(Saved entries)
:::
(* Let $\Omega\subset\mathbb{R}^d$ be a bounded Lipschitz domain, $\epsilon>0$, and let $\Omega_1,\dots,\Omega_n\subset\Omega$ be pairwise disjoint cells of equal measure $A>0$. Set $\phi_i = A^{-1/2}\chi_{\Omega_i}$ ($\chi_{\Omega_i}$ the characteristic function) and $X=\mathrm{span}\{\phi_1,\dots,\phi_n\}\subset L^2(\Omega)$. Let $\mathsf{K_h}:X\to L^2(\partial\Omega)$, $f\mapsto u|_{\partial\Omega}$, where $u\in H^1(\Omega)$ is the weak solution of $-\Delta u+\epsilon u = f$ in $\Omega$, $\partial u/\partial\mathbf{n}=0$ on $\partial\Omega$. Assume $\mathsf{K_h}\phi_i\neq c\,\mathsf{K_h}\phi_j$ for all $i\neq j$, $c\in\mathbb{R}$. Let $\mathsf{P}$ be the $L^2$-orthogonal projection of $X$ onto $\mathcal{N}(\mathsf{K_h})^\perp$, $\mathsf{P}^{\mathcal N}=I-\mathsf{P}$, and $\mathsf{W}\phi_i=\|\mathsf{P}\phi_i\|_{L^2(\Omega)}\phi_i$. Fix $j$, let $x_j^*$ be the minimum norm least squares solution of $\mathsf{K_h}x=\mathsf{K_h}\phi_j$, and choose arbitrary points $z_i\in\Omega_i$, $i=1,\dots,n$. Then $$\mathsf{W}^{-1}x_j^* = A^{1/2}\sum_{i=1}^n\frac{(\mathsf{P}\phi_j)(z_i)}{\|\mathsf{P}\phi_i\|_{L^2(\Omega)}}\,\phi_i = A^{1/2}\frac{A^{-1/2}-(\mathsf{P}^{\mathcal N}\phi_j)(z_j)}{\sqrt{1-\|\mathsf{P}^{\mathcal N}\phi_j\|^2_{L^2(\Omega)}}}\,\phi_j - A^{1/2}\sum_{i\neq j}\frac{(\mathsf{P}^{\mathcal N}\phi_j)(z_i)}{\sqrt{1-\|\mathsf{P}^{\mathcal N}\phi_i\|^2_{L^2(\Omega)}}}\,\phi_i,$$ and for every $i\neq j$, $$\frac{(\mathsf{P}\phi_j)(z_j)}{\|\mathsf{P}\phi_j\|_{L^2(\Omega)}} > \frac{(\mathsf{P}\phi_j)(z_i)}{\|\mathsf{P}\phi_i\|_{L^2(\Omega)}},\qquad \frac{A^{-1/2}-(\mathsf{P}^{\mathcal N}\phi_j)(z_j)}{\sqrt{1-\|\mathsf{P}^{\mathcal N}\phi_j\|^2_{L^2(\Omega)}}} > \frac{-(\mathsf{P}^{\mathcal N}\phi_j)(z_i)}{\sqrt{1-\|\mathsf{P}^{\mathcal N}\phi_i\|^2_{L^2(\Omega)}}}.$$
   Context: Elements of $X$ are piecewise constant, constant on each $\Omega_i$, so point values $(\mathsf{P}\phi_j)(z_i)$ are well defined. $\mathcal{N}(\mathsf{K_h})$ is the nullspace of $\mathsf{K_h}$; $\mathbf{n}$ is the outward unit normal. The minimum norm least squares solution of $\mathsf{K_h}x=b$ is $\mathsf{K_h}^\dagger b$ with $\mathsf{K_h}^\dagger$ the Moore–Penrose inverse. *)

theory Defs
  imports "HOL-Analysis.Analysis"
begin

definition lipschitz_domain :: "(real^'d) set \<Rightarrow> bool" where
  "lipschitz_domain \<Omega> \<longleftrightarrow> \<Omega> \<noteq> {} \<and> open \<Omega> \<and> bounded \<Omega> \<and> connected \<Omega> \<and>
     (\<forall>p \<in> frontier \<Omega>. \<exists>r>0. \<exists>e::real^'d. \<exists>g::real^'d \<Rightarrow> real. \<exists>L.
        norm e = 1 \<and> (\<forall>x y. \<bar>g x - g y\<bar> \<le> L * norm (x - y)) \<and>
        \<Omega> \<inter> ball p r = {x \<in> ball p r. x \<bullet> e < g (x - (x \<bullet> e) *\<^sub>R e)})"

definition L2ip :: "(real^'d) set \<Rightarrow> (real^'d \<Rightarrow> real) \<Rightarrow> (real^'d \<Rightarrow> real) \<Rightarrow> real" where
  "L2ip \<Omega> f g = (LINT x : \<Omega> | lebesgue. f x * g x)"

definition L2norm :: "(real^'d) set \<Rightarrow> (real^'d \<Rightarrow> real) \<Rightarrow> real" where
  "L2norm \<Omega> f = sqrt (L2ip \<Omega> f f)"

definition cellfun :: "real \<Rightarrow> (nat \<Rightarrow> (real^'d) set) \<Rightarrow> nat \<Rightarrow> real^'d \<Rightarrow> real" where
  "cellfun A cells i = (\<lambda>x. (1 / sqrt A) * indicator (cells i) x)"

definition cellspan :: "real \<Rightarrow> (nat \<Rightarrow> (real^'d) set) \<Rightarrow> nat \<Rightarrow> (real^'d \<Rightarrow> real) set" where
  "cellspan A cells n = {f. \<exists>c::nat \<Rightarrow> real. f = (\<lambda>x. \<Sum>i<n. c i * cellfun A cells i x)}"

definition nullsp :: "(real^'d \<Rightarrow> real) set \<Rightarrow> ((real^'d \<Rightarrow> real) \<Rightarrow> 'b::real_vector)
   \<Rightarrow> (real^'d \<Rightarrow> real) set" where
  "nullsp X K = {x \<in> X. K x = 0}"

definition projP :: "(real^'d) set \<Rightarrow> (real^'d \<Rightarrow> real) set \<Rightarrow> ((real^'d \<Rightarrow> real) \<Rightarrow> 'b::real_vector)
   \<Rightarrow> (real^'d \<Rightarrow> real) \<Rightarrow> (real^'d \<Rightarrow> real)" where
  "projP \<Omega> X K x = (THE y. y \<in> X \<and> (\<forall>z \<in> nullsp X K. L2ip \<Omega> y z = 0) \<and> (\<lambda>p. x p - y p) \<in> nullsp X K)"

definition projPN :: "(real^'d) set \<Rightarrow> (real^'d \<Rightarrow> real) set \<Rightarrow> ((real^'d \<Rightarrow> real) \<Rightarrow> 'b::real_vector)
   \<Rightarrow> (real^'d \<Rightarrow> real) \<Rightarrow> (real^'d \<Rightarrow> real)" where
  "projPN \<Omega> X K x = (\<lambda>p. x p - projP \<Omega> X K x p)"

text \<open>Weighting operator W, the linear map on X with W \<phi>_i = ||P \<phi>_i|| \<phi>_i
  (coefficients w.r.t. the orthonormal basis \<phi>_i are L^2 inner products).\<close>
definition weightW :: "(real^'d) set \<Rightarrow> real \<Rightarrow> (nat \<Rightarrow> (real^'d) set) \<Rightarrow> nat
   \<Rightarrow> (real^'d \<Rightarrow> real) set \<Rightarrow> ((real^'d \<Rightarrow> real) \<Rightarrow> 'b::real_vector)
   \<Rightarrow> (real^'d \<Rightarrow> real) \<Rightarrow> (real^'d \<Rightarrow> real)" where
  "weightW \<Omega> A cells n X K x = (\<lambda>p.
     \<Sum>i<n. (L2ip \<Omega> x (cellfun A cells i) * L2norm \<Omega> (projP \<Omega> X K (cellfun A cells i)))
              * cellfun A cells i p)"

definition is_mnls :: "(real^'d) set \<Rightarrow> (real^'d \<Rightarrow> real) set \<Rightarrow> ((real^'d \<Rightarrow> real) \<Rightarrow> 'b::real_normed_vector)
   \<Rightarrow> 'b \<Rightarrow> (real^'d \<Rightarrow> real) \<Rightarrow> bool" where
  "is_mnls \<Omega> X K b x \<longleftrightarrow> x \<in> X \<and> (\<forall>y \<in> X. norm (K x - b) \<le> norm (K y - b)) \<and>
     (\<forall>y \<in> X. (\<forall>w \<in> X. norm (K y - b) \<le> norm (K w - b)) \<longrightarrow> L2norm \<Omega> x \<le> L2norm \<Omega> y)"

end

theory Submission
  imports Defs
begin

text \<open>
  The cells are disjoint of measure \<open>A\<close>, so the \<open>\<phi>\<^sub>i\<close> form an orthonormal basis of \<open>X\<close> and
  \<open>X\<close> is isometric to \<open>\<real>\<^sup>n\<close> through coefficient vectors. The statement is then finite
  dimensional linear algebra: only the linearity of \<open>K\<close> on \<open>X\<close> matters, not the boundary value
  problem behind \<open>K\<close> nor the regularity of \<open>\<Omega>\<close>.

  In coefficients, \<open>P\<close> is the orthogonal projection onto the orthogonal complement of the kernel
  of \<open>c \<mapsto> \<Sum> c\<^sub>i K \<phi>\<^sub>i\<close>, which exists by a Gram-Schmidt induction, and by Pythagoras
  \<open>P \<phi>\<^sub>j\<close> is the minimum norm least squares solution of \<open>K x = K \<phi>\<^sub>j\<close>. The coefficients of
  \<open>P \<phi>\<^sub>j\<close> are the Gram entries \<open>\<langle>P \<phi>\<^sub>j, \<phi>\<^sub>i\<rangle> = \<langle>P \<phi>\<^sub>j, P \<phi>\<^sub>i\<rangle>\<close>, and since \<open>P \<phi>\<^sub>j\<close> is constant
  on \<open>\<Omega>\<^sub>i\<close> its value at \<open>z\<^sub>i\<close> is \<open>A\<^sup>-\<^sup>1\<^sup>/\<^sup>2 \<langle>P \<phi>\<^sub>j, P \<phi>\<^sub>i\<rangle>\<close>. This gives the formula for
  \<open>W\<^sup>-\<^sup>1 x\<^sub>j\<^sup>*\<close>; the identity \<open>\<parallel>P \<phi>\<^sub>i\<parallel>\<^sup>2 + \<parallel>P\<^sup>N \<phi>\<^sub>i\<parallel>\<^sup>2 = 1\<close> turns it into the second form. The
  inequalities are the strict Cauchy-Schwarz inequality \<open>\<langle>P \<phi>\<^sub>j, P \<phi>\<^sub>i\<rangle> < \<parallel>P \<phi>\<^sub>j\<parallel> \<parallel>P \<phi>\<^sub>i\<parallel>\<close>:
  equality would make \<open>P \<phi>\<^sub>j\<close> and \<open>P \<phi>\<^sub>i\<close> parallel, hence also \<open>K \<phi>\<^sub>j = K (P \<phi>\<^sub>j)\<close> and \<open>K \<phi>\<^sub>i\<close>.
\<close>

section \<open>The coefficient space\<close>

definition coeff_inner :: "nat \<Rightarrow> (nat \<Rightarrow> real) \<Rightarrow> (nat \<Rightarrow> real) \<Rightarrow> real" where
  "coeff_inner n c d = (\<Sum>i<n. c i * d i)"

definition unit_coeff :: "nat \<Rightarrow> nat \<Rightarrow> real" where
  "unit_coeff i k = (if k = i then 1 else 0)"

lemma coeff_inner_commute: "coeff_inner n c d = coeff_inner n d c"
  unfolding coeff_inner_def by (simp add: mult.commute)

lemma coeff_inner_cong:
  "(\<And>i. i < n \<Longrightarrow> c i = c' i) \<Longrightarrow> (\<And>i. i < n \<Longrightarrow> d i = d' i) \<Longrightarrow>
    coeff_inner n c d = coeff_inner n c' d'"
  unfolding coeff_inner_def by (rule sum.cong) auto

lemma coeff_inner_diff_left:
  "coeff_inner n (\<lambda>i. c i - d i) e = coeff_inner n c e - coeff_inner n d e"
  unfolding coeff_inner_def by (simp add: algebra_simps sum_subtractf)

lemma coeff_inner_diff_right:
  "coeff_inner n e (\<lambda>i. c i - d i) = coeff_inner n e c - coeff_inner n e d"
  unfolding coeff_inner_def by (simp add: algebra_simps sum_subtractf)

lemma coeff_inner_scale_left: "coeff_inner n (\<lambda>i. a * c i) e = a * coeff_inner n c e"
  unfolding coeff_inner_def by (simp add: algebra_simps sum_distrib_left)

lemma coeff_inner_sum_left:
  "coeff_inner n (\<lambda>i. \<Sum>l<m. a l * w l i) e = (\<Sum>l<m. a l * coeff_inner n (w l) e)"
  unfolding coeff_inner_def
  by (simp add: sum_distrib_left sum_distrib_right mult.assoc sum.swap[of _ "{..<n}"])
:::
-- TASK DESCRIPTION --
All lines with the word "mult" are needed; pull them from the entries and copy each.

-- RESPONSE BOX --
  unfolding coeff_inner_def by (simp add: mult.commute)
  by (simp add: sum_distrib_left sum_distrib_right mult.assoc sum.swap[of _ "{..<n}"])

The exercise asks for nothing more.